Батя кладет ему руку на плечо:

— Не мучайся, не грызи себя, Иван.

— Нет у меня полного доверия.

— Это понятно. Я, Иван, до войны много на эти темы размышлял. Знаешь, что я тебе скажу: недоверие — чувство, как бы тебе сказать… общее, что ли. Не доверять легче, тут ты людей сразу целой ярмаркой меряешь. Соседа, жену, сына, начальника, подчиненного… или там целую компанию: взял да и записал их в подозрительные. И. сразу сам высоко стал. И чувство видное, для показа интересное. В зачет опять-таки идет. С не-доверием даже дурень будет умным казаться, потому что для этого большого ума не надо, а для доверия нужна голова и чтоб там, в середке, не сто пудов дыму, а кое-что серьезное, ’потому что доверие идет к каждому человеку, а не к ярмарке, не к скопу, и, значит, каждого человека ты должен знать, душу понимать, для этого же работать надо так, что голова потеет. А, Иван?

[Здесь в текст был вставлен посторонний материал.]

(* Let $A$ be a circular $m\times n$ matrix and let $\Gamma$ be a circuit in $D(A)$. Then $(\pi_+-\pi_-)^T\tilde A=p(\Gamma)\mathbf{1}^T$.
   Context: Notation: $[n]=\{1,\dots,n\}$ with addition mod $n$ (index $0$ identified with $n$); for $a,c\in[n]$ with $t\ge0$ minimal such that $a+t\equiv c\pmod n$, $[a,c)_n=\{a,\dots,a+t-1\}$ (mod $n$). An $m\times n$ $\{0,1\}$-matrix $A$ is circular if for each row $i$ there are $\ell_i\in[n]$ and an integer $2\le k_i\le n-1$ with row $i$ the incidence vector of $[\ell_i,\ell_i+k_i)_n$. $\tilde A=\binom{A}{I}\in\{0,1\}^{(m+n)\times n}$ with $I$ the $n\times n$ identity. $D(A)$: node set $[n]$ (labels mod $n$); forward arcs $a_i=(\ell_i-1,\ell_i+k_i-1)$ ($i\in[m]$, length $k_i$) and $a_{m+j}=(j-1,j)$ ($j\in[n]$, length $1$); reverse arcs $\bar a_i=(\ell_i+k_i-1,\ell_i-1)$ (length $-k_i$) and $\bar a_{m+j}=(j,j-1)$ (length $-1$). A circuit is a simple directed circuit; its winding number $p(\Gamma)$ satisfies $p(\Gamma)n=\sum_{a\in E(\Gamma)}l(a)$. $\pi_+\in\{0,1\}^{m+n}$ has $(\pi_+)_k=1$ iff $a_k\in E(\Gamma)$, and $\pi_-\in\{0,1\}^{m+n}$ has $(\pi_-)_k=1$ iff $\bar a_k\in E(\Gamma)$. *)

theory Defs
  imports Complex_Main "HOL-Number_Theory.Cong"
begin

text \<open>Labels mod n: representative in [n] = {1..n} (0 identified with n).\<close>
definition mod1 :: "nat \<Rightarrow> int \<Rightarrow> nat" where
  "mod1 n x = nat ((x - 1) mod int n) + 1"

text \<open>Cyclic interval [a,c)_n.\<close>
definition cint :: "nat \<Rightarrow> nat \<Rightarrow> nat \<Rightarrow> nat set" where
  "cint n a c = (let t = (LEAST t::nat. [a + t = c] (mod n))
                 in {mod1 n (int a + int s) | s. s < t})"

definition circular_rep ::
  "nat \<Rightarrow> nat \<Rightarrow> (nat \<Rightarrow> nat \<Rightarrow> int) \<Rightarrow> (nat \<Rightarrow> nat) \<Rightarrow> (nat \<Rightarrow> nat) \<Rightarrow> bool" where
  "circular_rep m n A l k \<longleftrightarrow>
     (\<forall>i\<in>{1..m}. l i \<in> {1..n} \<and> 2 \<le> k i \<and> k i \<le> n - 1 \<and>
        (\<forall>j\<in>{1..n}. A i j =
           (if j \<in> cint n (l i) (mod1 n (int (l i) + int (k i))) then 1 else 0)))"

definition circular :: "nat \<Rightarrow> nat \<Rightarrow> (nat \<Rightarrow> nat \<Rightarrow> int) \<Rightarrow> bool" where
  "circular m n A \<longleftrightarrow> (\<exists>l k. circular_rep m n A l k)"

text \<open>\<tilde>A = (A ; I), rows 1..m+n, columns 1..n.\<close>
definition Atilde :: "nat \<Rightarrow> (nat \<Rightarrow> nat \<Rightarrow> int) \<Rightarrow> nat \<Rightarrow> nat \<Rightarrow> int" where
  "Atilde m A r j = (if r \<le> m then A r j else (if r - m = j then 1 else 0))"

text \<open>Arcs of D(A): (True, idx) is the forward arc a_idx, (False, idx) the reverse arc.\<close>
type_synonym arc = "bool \<times> nat"

definition arcs :: "nat \<Rightarrow> nat \<Rightarrow> arc set" where
  "arcs m n = {(d, r) | d r. r \<in> {1..m+n}}"

definition fwd_tail :: "nat \<Rightarrow> nat \<Rightarrow> (nat \<Rightarrow> nat) \<Rightarrow> nat \<Rightarrow> nat" where
  "fwd_tail m n l r = (if r \<le> m then mod1 n (int (l r) - 1) else mod1 n (int (r - m) - 1))"

definition fwd_head :: "nat \<Rightarrow> nat \<Rightarrow> (nat \<Rightarrow> nat) \<Rightarrow> (nat \<Rightarrow> nat) \<Rightarrow> nat \<Rightarrow> nat" where
  "fwd_head m n l k r = (if r \<le> m then mod1 n (int (l r) + int (k r) - 1) else mod1 n (int (r - m)))"

definition fwd_len :: "nat \<Rightarrow> (nat \<Rightarrow> nat) \<Rightarrow> nat \<Rightarrow> int" where
  "fwd_len m k r = (if r \<le> m then int (k r) else 1)"

definition arc_tail :: "nat \<Rightarrow> nat \<Rightarrow> (nat \<Rightarrow> nat) \<Rightarrow> (nat \<Rightarrow> nat) \<Rightarrow> arc \<Rightarrow> nat" where
  "arc_tail m n l k e = (if fst e then fwd_tail m n l (snd e) else fwd_head m n l k (snd e))"

definition arc_head :: "nat \<Rightarrow> nat \<Rightarrow> (nat \<Rightarrow> nat) \<Rightarrow> (nat \<Rightarrow> nat) \<Rightarrow> arc \<Rightarrow> nat" where
  "arc_head m n l k e = (if fst e then fwd_head m n l k (snd e) else fwd_tail m n l (snd e))"

definition arc_len :: "nat \<Rightarrow> (nat \<Rightarrow> nat) \<Rightarrow> arc \<Rightarrow> int" where
  "arc_len m k e = (if fst e then fwd_len m k (snd e) else - fwd_len m k (snd e))"

definition is_circuit :: "nat \<Rightarrow> nat \<Rightarrow> (nat \<Rightarrow> nat) \<Rightarrow> (nat \<Rightarrow> nat) \<Rightarrow> arc list \<Rightarrow> bool" where
  "is_circuit m n l k cs \<longleftrightarrow> cs \<noteq> [] \<and> distinct cs \<and> set cs \<subseteq> arcs m n \<and>
     (\<forall>i < length cs. arc_head m n l k (cs ! i) = arc_tail m n l k (cs ! ((i + 1) mod length cs))) \<and>
     distinct (map (arc_tail m n l k) cs)"

definition winding :: "nat \<Rightarrow> nat \<Rightarrow> (nat \<Rightarrow> nat) \<Rightarrow> arc list \<Rightarrow> real" where
  "winding m n k cs = real_of_int (\<Sum>e\<in>set cs. arc_len m k e) / real n"

definition pi_plus :: "arc list \<Rightarrow> nat \<Rightarrow> int" where
  "pi_plus cs r = (if (True, r) \<in> set cs then 1 else 0)"

definition pi_minus :: "arc list \<Rightarrow> nat \<Rightarrow> int" where
  "pi_minus cs r = (if (False, r) \<in> set cs then 1 else 0)"

end

theory Submission
  imports Defs
begin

— Так-то оно так, — бормочет Сычужный.

И как оно легко получается у Бати Парфеника — доброты не боится. Сычужный всегда опасался этого дурного свойства в себе и тщательно рылся в его корнях, чтоб истребить твердой рукой, как бодяк в огороде. Вот и в газетах, даже в тихое, мирное время, помнил Сычужный, всегда ругали ротозеев, тех, кто недоглядел, чужие слова на веру принял, чужой слезой позволил обжечься. А что к ротозейству приводит? Если разобраться: доброта, жалость, неклассовые, пустые понятия.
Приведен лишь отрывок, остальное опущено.